DATA SHOWN:
lemma Rc_1_mem_defect_space: "Rc 1 \<in> defect_space (D6_1 c)"
  unfolding mem_defect_space_6_iff all_less_6
  by (simp add: all_6 sum_UNIV_6 D6_1_simps Rc_def R_entries_def)

definition defect_dir_u :: "real \<Rightarrow> real^6^6" where
  "defect_dir_u c = mat6 (\<lambda>i j. [[0, 0, 0, 0, 0, 0],
     [0, 0, - 1 / 2 + cos c / 2 - sin c / 2, 1 / 2 + cos c / 2 - sin c / 2,
            - 1 / 2 + cos c / 2 - sin c / 2, 1 / 2 + cos c / 2 - sin c / 2],
     [0, 1 / 2 - cos c / 2 - sin c / 2, - sin c, 0, - 1, 1 / 2 + cos c / 2 - sin c / 2],
     [0, - 1 / 2 - cos c / 2 - sin c / 2, - sin c, - sin c, - 1 / 2 + cos c / 2 - sin c / 2,
            1 - sin c],
     [0, 1 / 2 - cos c / 2 - sin c / 2, 1 - sin c, 1 / 2 - cos c / 2 - sin c / 2, 0, 1 - sin c],
     [0, - 1 / 2 - cos c / 2 - sin c / 2, - 1 / 2 - cos c / 2 - sin c / 2, - 1, - 1, 0]]
     ! (i - 1) ! (j - 1))"

definition defect_dir_v :: "real \<Rightarrow> real^6^6" where
  "defect_dir_v c = mat6 (\<lambda>i j. [[0, 0, 0, 0, 0, 0],
     [0, 0, 1 / 2 - cos c / 2 + sin c / 2, 1 / 2 - cos c / 2 + sin c / 2,
            - 1 / 2 - cos c / 2 + sin c / 2, - 1 / 2 - cos c / 2 + sin c / 2],
     [0, - 1 / 2 + cos c / 2 + sin c / 2, 0, 0, 0, - 1 / 2 + cos c / 2 + sin c / 2],
     [0, - 1 / 2 + cos c / 2 + sin c / 2, sin c, sin c, - 1 / 2 - cos c / 2 + sin c / 2,
            - 1 + sin c],
     [0, 1 / 2 + cos c / 2 + sin c / 2, sin c, 1 / 2 + cos c / 2 + sin c / 2, 0, sin c],
     [0, 1 / 2 + cos c / 2 + sin c / 2, 1 / 2 - cos c / 2 + sin c / 2, 1, 0, sin c]]
     ! (i - 1) ! (j - 1))"

definition defect_dir_w :: "real \<Rightarrow> real^6^6" where
  "defect_dir_w c = mat6 (\<lambda>i j. [[0, 0, 0, 0, 0, 0],
     [0, 0, 1, 0, 0, - 1],
     [0, - 1, 0, 0, 0, - 1],
     [0, 0, 0, sin c, - cos c, - 1],
     [0, 0, 0, cos c, - sin c, - 1],
     [0, 1, 1, 1, 1, 0]] ! (i - 1) ! (j - 1))"

lemma defect_dir_u_mem_defect_space: "defect_dir_u c \<in> defect_space (D6_1 c)"
  unfolding mem_defect_space_6_iff all_less_6
  by (simp add: all_6 sum_UNIV_6 D6_1_simps defect_dir_u_def cos_times_cos field_simps)

lemma defect_dir_v_mem_defect_space: "defect_dir_v c \<in> defect_space (D6_1 c)"
  unfolding mem_defect_space_6_iff all_less_6
  by (simp add: all_6 sum_UNIV_6 D6_1_simps defect_dir_v_def cos_times_cos field_simps)

lemma defect_dir_w_mem_defect_space: "defect_dir_w c \<in> defect_space (D6_1 c)"
  unfolding mem_defect_space_6_iff all_less_6
  by (simp add: all_6 sum_UNIV_6 D6_1_simps defect_dir_w_def cos_times_cos field_simps)

text \<open>Indices are 0-based: \<open>R $ 2 $ 3\<close> is the paper's entry \<open>R\<^sub>3\<^sub>4\<close>.\<close>

definition defect_coords :: "real^6^6 \<Rightarrow> real \<times> real \<times> real \<times> real" where
  "defect_coords R = (R $ 2 $ 3, R $ 2 $ 3 - R $ 2 $ 4, R $ 5 $ 3 - R $ 5 $ 4, R $ 4 $ 2 - R $ 4 $ 5)"

lemma linear_defect_coords: "linear defect_coords"
  by (rule linearI) (simp_all add: defect_coords_def algebra_simps)

lemma defect_space_D6_1_coords_eq_0:
  assumes R: "R \<in> defect_space (D6_1 c)" and coords: "defect_coords R = 0"
  shows "R = 0"
proof -
  note eq = R[unfolded mem_defect_space_6_iff, THEN conjunct2, THEN conjunct2, rule_format]
  have [simp]: "R $ i $ 0 = 0" "R $ 0 $ i = 0" for i
    using R by (simp_all add: mem_defect_space_6_iff)
  note [simp] = sum_UNIV_6 D6_1_simps less_6_iff cos_times_cos
  note pythagoras = sin_cos_squared_add3[of c]
  from coords have [simp]: "R$2$3 = 0" "R$2$4 = 0" "R$5$4 = R$5$3" "R$4$5 = R$4$2"
    by (simp_all add: defect_coords_def zero_prod_def)
  have [simp]: "R$1$1 = 0" "R$2$2 = 0" "R$2$5 = R$2$1" "R$4$4 = 0" "R$4$3 = R$4$1"
      "R$5$5 = 0" "R$5$2 = R$5$1"
    using eq[of 0 1] eq[of 0 2] eq[of 0 4] eq[of 0 5] by simp_all
  have [simp]: "R$5$1 = - R$2$1" "R$5$3 = - R$2$1"
    using eq[of 2 5] by simp_all
  have "R$4$1 * (3 + cos c - sin c) = 0"
    using eq[of 2 4, simplified] eq[of 4 5, simplified] pythagoras by algebra
  moreover have "3 + cos c - sin c \<noteq> 0"
    using cos_ge_minus_one[of c] sin_le_one[of c] by linarith
  ultimately have [simp]: "R$4$1 = 0"
    by simp
  have [simp]: "R$2$1 = 0" "R$4$2 = 0"
    using eq[of 2 4, simplified] eq[of 4 5, simplified] pythagoras by algebra+
  have "R$1$2 * (1 + 4 * cos c ^ 2) = 0"
    using eq[of 0 1, simplified] eq[of 1 2, simplified] eq[of 1 4, simplified] eq[of 1 5, simplified]
      pythagoras by algebra
  moreover have "1 + 4 * cos c ^ 2 \<noteq> 0"
    using zero_le_power2[of "cos c"] by linarith
  ultimately have [simp]: "R$1$2 = 0"
    by simp
  have [simp]: "R$1$3 = 0" "R$1$4 = 0" "R$1$5 = 0"
    using eq[of 0 1, simplified] eq[of 1 2, simplified] eq[of 1 4, simplified] eq[of 1 5, simplified]
      pythagoras by algebra+
  have [simp]: "R$3$1 = 0" "R$3$2 = 0" "R$3$3 = 0" "R$3$4 = 0" "R$3$5 = 0"
    using eq[of 0 3, simplified] eq[of 1 3, simplified] eq[of 2 3, simplified] eq[of 3 4, simplified]
      pythagoras by algebra+
  show ?thesis
    by (simp add: vec_eq_iff all_6)
qed

lemma dim_defect_space_D6_1: "dim (defect_space (D6_1 c)) = 4"
proof -
  have "defect_coords ` defect_space (D6_1 c) = UNIV"
  proof (intro set_eqI iffI)
    fix p :: "real \<times> real \<times> real \<times> real"
    obtain a b d e where p: "p = (a, b, d, e)"
      by (cases p) auto
    let ?R = "a *\<^sub>R Rc 1 + b *\<^sub>R defect_dir_u c + d *\<^sub>R defect_dir_v c + e *\<^sub>R defect_dir_w c"
    have "?R \<in> defect_space (D6_1 c)"
      by (intro subspace_add[OF subspace_defect_space] subspace_scale[OF subspace_defect_space]
          Rc_1_mem_defect_space defect_dir_u_mem_defect_space defect_dir_v_mem_defect_space
          defect_dir_w_mem_defect_space)
    moreover have "p = defect_coords ?R"
      by (simp add: p defect_coords_def Rc_def R_entries_def defect_dir_u_def defect_dir_v_def
          defect_dir_w_def mat6_def pos6_simps)
    ultimately show "p \<in> defect_coords ` defect_space (D6_1 c)"
      by (rule rev_image_eqI)
  qed simp
  with dim_eq_DIM_if_coordinates[OF subspace_defect_space linear_defect_coords
      defect_space_D6_1_coords_eq_0]
  show ?thesis
    by simp
qed

theorem mainTheorem2:
  fixes c :: real
  shows "complex_hadamard (D6_1 c) \<and> defect (D6_1 c) = 4"
  using complex_hadamard_D6_1 dim_defect_space_D6_1 by (simp add: defect_eq_dim_defect_space)

end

WHAT YOU ARE ASKED TO DO:
State the number of lines in the records that contain the string "shows", and nothing more.

RESPONSE BELOW:
2